• WORK ITEM:
The required result is a copy of each line below in which "finally" appears.

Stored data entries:
============================================================
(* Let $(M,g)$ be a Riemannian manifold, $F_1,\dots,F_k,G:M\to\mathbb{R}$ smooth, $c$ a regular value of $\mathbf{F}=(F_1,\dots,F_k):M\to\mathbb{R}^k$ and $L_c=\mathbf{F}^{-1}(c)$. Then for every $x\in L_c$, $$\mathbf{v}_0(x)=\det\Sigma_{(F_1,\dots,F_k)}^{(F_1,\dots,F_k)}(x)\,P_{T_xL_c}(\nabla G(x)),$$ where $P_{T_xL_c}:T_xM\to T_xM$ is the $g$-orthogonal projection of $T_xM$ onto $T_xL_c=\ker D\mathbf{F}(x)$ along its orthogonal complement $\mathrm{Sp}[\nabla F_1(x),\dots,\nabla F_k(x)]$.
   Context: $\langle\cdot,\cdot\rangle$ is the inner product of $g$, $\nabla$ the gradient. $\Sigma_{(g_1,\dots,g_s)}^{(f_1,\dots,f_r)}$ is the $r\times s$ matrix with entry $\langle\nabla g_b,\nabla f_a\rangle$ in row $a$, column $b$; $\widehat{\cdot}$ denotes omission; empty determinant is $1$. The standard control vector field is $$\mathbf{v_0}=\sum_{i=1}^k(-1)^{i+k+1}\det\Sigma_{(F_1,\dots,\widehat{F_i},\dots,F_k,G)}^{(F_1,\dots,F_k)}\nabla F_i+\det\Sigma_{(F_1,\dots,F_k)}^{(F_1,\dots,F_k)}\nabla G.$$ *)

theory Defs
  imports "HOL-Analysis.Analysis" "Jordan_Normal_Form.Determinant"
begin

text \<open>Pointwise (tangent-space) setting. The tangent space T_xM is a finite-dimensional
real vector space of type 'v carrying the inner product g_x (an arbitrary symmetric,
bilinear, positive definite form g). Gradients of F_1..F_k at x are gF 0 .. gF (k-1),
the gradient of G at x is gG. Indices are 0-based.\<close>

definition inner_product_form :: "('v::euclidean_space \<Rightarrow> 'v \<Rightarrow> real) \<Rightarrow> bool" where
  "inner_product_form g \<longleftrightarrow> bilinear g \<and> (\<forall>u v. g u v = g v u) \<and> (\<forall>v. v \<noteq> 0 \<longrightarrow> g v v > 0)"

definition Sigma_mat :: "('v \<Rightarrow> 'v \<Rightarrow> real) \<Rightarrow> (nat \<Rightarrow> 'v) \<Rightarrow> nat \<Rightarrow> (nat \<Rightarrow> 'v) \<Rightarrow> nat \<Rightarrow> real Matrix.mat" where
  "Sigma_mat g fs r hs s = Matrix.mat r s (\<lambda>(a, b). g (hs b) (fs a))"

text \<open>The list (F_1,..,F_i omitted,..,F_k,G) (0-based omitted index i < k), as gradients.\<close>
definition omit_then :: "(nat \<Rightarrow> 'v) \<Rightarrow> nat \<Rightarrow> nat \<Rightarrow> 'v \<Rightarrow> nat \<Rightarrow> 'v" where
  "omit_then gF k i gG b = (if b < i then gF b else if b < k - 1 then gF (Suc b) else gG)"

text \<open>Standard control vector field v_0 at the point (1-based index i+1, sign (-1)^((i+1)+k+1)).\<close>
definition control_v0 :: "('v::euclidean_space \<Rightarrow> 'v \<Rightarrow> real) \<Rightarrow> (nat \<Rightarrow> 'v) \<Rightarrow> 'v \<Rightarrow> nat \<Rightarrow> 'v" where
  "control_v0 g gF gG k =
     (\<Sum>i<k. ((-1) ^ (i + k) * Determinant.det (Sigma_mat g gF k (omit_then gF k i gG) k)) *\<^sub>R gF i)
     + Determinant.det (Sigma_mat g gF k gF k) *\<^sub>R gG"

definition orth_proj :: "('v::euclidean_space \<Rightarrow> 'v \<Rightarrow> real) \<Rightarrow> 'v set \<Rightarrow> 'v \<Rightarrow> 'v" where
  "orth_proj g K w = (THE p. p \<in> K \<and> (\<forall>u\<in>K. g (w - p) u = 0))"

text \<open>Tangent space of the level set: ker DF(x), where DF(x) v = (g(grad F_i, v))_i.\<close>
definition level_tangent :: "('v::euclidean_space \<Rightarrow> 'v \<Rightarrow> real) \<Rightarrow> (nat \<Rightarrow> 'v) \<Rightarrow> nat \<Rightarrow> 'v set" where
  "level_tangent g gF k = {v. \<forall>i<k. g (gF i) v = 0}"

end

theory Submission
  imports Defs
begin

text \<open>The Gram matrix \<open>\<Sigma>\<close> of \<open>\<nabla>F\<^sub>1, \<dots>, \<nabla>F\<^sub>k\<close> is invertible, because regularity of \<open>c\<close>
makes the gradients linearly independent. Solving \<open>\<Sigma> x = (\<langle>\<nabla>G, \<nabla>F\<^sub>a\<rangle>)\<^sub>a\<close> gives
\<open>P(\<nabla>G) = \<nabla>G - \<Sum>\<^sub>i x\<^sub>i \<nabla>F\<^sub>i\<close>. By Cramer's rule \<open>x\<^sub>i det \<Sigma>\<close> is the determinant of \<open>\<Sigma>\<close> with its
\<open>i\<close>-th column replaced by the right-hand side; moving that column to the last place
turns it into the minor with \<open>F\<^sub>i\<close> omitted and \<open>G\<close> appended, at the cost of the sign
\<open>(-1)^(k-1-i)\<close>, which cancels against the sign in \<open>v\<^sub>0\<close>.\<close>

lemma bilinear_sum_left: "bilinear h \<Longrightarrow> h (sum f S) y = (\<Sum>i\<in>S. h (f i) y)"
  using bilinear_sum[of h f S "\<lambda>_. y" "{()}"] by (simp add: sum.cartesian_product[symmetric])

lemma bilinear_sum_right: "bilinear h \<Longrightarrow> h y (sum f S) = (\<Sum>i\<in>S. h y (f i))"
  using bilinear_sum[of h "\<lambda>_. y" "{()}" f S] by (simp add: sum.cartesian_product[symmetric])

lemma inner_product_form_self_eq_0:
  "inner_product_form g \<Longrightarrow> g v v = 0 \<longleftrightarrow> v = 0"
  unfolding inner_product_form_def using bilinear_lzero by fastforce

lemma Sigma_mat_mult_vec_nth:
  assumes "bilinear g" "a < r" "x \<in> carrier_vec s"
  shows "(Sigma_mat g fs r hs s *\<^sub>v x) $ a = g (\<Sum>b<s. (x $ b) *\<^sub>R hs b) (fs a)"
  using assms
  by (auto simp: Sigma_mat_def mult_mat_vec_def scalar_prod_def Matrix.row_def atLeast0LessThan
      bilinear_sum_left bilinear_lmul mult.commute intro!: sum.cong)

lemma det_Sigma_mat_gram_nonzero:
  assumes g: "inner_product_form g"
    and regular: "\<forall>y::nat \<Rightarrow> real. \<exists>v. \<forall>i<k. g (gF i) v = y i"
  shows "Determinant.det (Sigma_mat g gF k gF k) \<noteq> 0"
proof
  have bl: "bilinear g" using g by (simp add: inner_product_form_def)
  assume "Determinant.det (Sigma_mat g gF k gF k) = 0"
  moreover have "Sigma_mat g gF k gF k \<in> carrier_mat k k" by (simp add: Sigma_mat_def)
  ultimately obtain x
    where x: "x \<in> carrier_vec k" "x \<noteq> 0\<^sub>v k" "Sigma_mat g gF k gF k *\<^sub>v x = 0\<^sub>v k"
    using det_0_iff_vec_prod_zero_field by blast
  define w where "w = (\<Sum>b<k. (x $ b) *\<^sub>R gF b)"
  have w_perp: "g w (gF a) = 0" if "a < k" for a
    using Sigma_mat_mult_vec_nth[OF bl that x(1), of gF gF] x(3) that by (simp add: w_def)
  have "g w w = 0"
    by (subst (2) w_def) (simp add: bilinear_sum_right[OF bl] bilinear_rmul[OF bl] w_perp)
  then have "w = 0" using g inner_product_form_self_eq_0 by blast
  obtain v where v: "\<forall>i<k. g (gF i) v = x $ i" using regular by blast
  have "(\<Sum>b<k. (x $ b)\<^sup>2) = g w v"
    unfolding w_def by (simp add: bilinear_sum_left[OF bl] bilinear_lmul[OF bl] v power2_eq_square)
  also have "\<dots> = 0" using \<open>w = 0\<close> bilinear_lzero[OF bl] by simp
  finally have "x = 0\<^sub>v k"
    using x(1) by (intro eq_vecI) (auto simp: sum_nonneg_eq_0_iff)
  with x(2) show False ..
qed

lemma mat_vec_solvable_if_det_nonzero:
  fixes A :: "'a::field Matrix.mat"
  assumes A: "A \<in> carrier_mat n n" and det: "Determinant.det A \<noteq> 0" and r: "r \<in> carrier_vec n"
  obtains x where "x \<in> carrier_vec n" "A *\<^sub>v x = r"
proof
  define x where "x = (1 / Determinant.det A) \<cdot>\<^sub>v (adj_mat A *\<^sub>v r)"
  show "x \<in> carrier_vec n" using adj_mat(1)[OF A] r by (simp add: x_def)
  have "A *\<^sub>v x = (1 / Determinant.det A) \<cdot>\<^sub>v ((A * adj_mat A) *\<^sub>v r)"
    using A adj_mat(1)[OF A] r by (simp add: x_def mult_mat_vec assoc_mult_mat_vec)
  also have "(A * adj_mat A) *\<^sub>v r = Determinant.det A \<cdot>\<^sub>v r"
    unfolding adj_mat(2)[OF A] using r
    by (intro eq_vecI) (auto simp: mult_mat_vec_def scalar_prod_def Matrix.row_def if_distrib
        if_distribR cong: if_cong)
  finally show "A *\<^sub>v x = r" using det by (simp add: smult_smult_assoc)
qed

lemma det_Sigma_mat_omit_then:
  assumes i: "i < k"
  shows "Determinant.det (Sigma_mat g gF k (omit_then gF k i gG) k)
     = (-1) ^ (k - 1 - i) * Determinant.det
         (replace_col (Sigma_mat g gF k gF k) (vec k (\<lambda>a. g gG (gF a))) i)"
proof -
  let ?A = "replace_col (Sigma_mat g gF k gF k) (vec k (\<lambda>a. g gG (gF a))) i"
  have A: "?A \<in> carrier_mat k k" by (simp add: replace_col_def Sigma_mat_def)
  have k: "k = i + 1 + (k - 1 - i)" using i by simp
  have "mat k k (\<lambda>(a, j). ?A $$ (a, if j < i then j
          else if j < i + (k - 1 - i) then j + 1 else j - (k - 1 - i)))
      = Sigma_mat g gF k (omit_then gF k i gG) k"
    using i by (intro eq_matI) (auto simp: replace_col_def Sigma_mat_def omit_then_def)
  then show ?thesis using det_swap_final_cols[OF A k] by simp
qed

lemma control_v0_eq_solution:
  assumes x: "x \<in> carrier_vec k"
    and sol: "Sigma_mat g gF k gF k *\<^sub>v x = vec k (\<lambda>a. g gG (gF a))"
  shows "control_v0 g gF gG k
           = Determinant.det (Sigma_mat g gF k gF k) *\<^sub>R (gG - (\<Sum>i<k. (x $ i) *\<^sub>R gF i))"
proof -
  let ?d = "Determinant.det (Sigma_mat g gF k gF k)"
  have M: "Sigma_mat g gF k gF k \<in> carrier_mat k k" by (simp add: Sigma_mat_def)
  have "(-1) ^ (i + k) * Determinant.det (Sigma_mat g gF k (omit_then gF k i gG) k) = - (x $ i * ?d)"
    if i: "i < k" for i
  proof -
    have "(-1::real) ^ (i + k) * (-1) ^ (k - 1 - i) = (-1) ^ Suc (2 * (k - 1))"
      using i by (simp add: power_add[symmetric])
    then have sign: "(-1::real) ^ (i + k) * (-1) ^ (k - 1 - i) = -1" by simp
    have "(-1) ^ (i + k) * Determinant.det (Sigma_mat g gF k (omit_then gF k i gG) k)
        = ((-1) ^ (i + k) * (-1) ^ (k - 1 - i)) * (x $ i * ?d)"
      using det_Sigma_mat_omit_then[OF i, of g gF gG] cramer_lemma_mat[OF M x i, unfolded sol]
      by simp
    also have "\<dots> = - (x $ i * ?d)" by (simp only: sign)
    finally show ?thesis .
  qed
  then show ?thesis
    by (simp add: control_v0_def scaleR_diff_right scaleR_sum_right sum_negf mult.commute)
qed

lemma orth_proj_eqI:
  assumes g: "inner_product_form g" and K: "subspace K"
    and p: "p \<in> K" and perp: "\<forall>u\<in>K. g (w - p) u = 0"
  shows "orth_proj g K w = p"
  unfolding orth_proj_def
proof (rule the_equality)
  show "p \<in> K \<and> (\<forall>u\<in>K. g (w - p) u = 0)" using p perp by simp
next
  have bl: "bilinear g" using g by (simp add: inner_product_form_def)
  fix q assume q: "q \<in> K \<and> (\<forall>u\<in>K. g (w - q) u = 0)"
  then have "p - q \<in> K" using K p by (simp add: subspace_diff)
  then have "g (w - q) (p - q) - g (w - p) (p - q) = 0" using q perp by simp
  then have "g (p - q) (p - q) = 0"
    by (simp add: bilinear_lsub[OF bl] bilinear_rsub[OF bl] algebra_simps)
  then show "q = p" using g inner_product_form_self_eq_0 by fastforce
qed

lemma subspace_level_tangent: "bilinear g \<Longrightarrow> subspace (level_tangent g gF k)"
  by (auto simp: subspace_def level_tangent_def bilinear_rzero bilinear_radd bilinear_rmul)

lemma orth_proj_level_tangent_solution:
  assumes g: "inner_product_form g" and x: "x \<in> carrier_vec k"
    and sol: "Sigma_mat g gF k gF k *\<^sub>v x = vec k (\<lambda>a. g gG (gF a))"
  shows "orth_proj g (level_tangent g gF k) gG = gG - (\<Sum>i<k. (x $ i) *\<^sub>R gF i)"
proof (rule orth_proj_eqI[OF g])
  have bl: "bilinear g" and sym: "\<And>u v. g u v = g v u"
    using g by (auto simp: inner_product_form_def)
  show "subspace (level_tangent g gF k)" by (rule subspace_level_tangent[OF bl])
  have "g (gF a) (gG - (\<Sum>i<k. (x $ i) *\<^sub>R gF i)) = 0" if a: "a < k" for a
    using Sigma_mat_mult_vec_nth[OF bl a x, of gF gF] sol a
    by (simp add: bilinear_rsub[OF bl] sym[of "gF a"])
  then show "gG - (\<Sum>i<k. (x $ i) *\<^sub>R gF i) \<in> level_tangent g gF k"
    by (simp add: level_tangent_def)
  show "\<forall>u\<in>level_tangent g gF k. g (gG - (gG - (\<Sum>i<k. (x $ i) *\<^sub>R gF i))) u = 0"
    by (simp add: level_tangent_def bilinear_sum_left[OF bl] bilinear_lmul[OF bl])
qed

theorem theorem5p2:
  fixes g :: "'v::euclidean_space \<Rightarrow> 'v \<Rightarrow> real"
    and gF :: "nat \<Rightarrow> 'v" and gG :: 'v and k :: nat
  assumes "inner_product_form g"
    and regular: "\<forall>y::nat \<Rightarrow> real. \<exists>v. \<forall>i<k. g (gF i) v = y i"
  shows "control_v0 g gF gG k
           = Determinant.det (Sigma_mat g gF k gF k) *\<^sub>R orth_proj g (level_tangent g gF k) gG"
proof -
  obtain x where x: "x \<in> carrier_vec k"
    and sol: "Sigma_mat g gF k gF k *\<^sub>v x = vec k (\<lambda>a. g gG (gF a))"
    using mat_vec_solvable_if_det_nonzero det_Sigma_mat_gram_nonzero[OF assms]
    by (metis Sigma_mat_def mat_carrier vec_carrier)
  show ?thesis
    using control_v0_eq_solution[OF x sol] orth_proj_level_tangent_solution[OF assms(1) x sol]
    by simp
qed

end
============================================================
• RESULT:
  finally have "x = 0\<^sub>v k"
  finally show "A *\<^sub>v x = r" using det by (simp add: smult_smult_assoc)
    finally show ?thesis .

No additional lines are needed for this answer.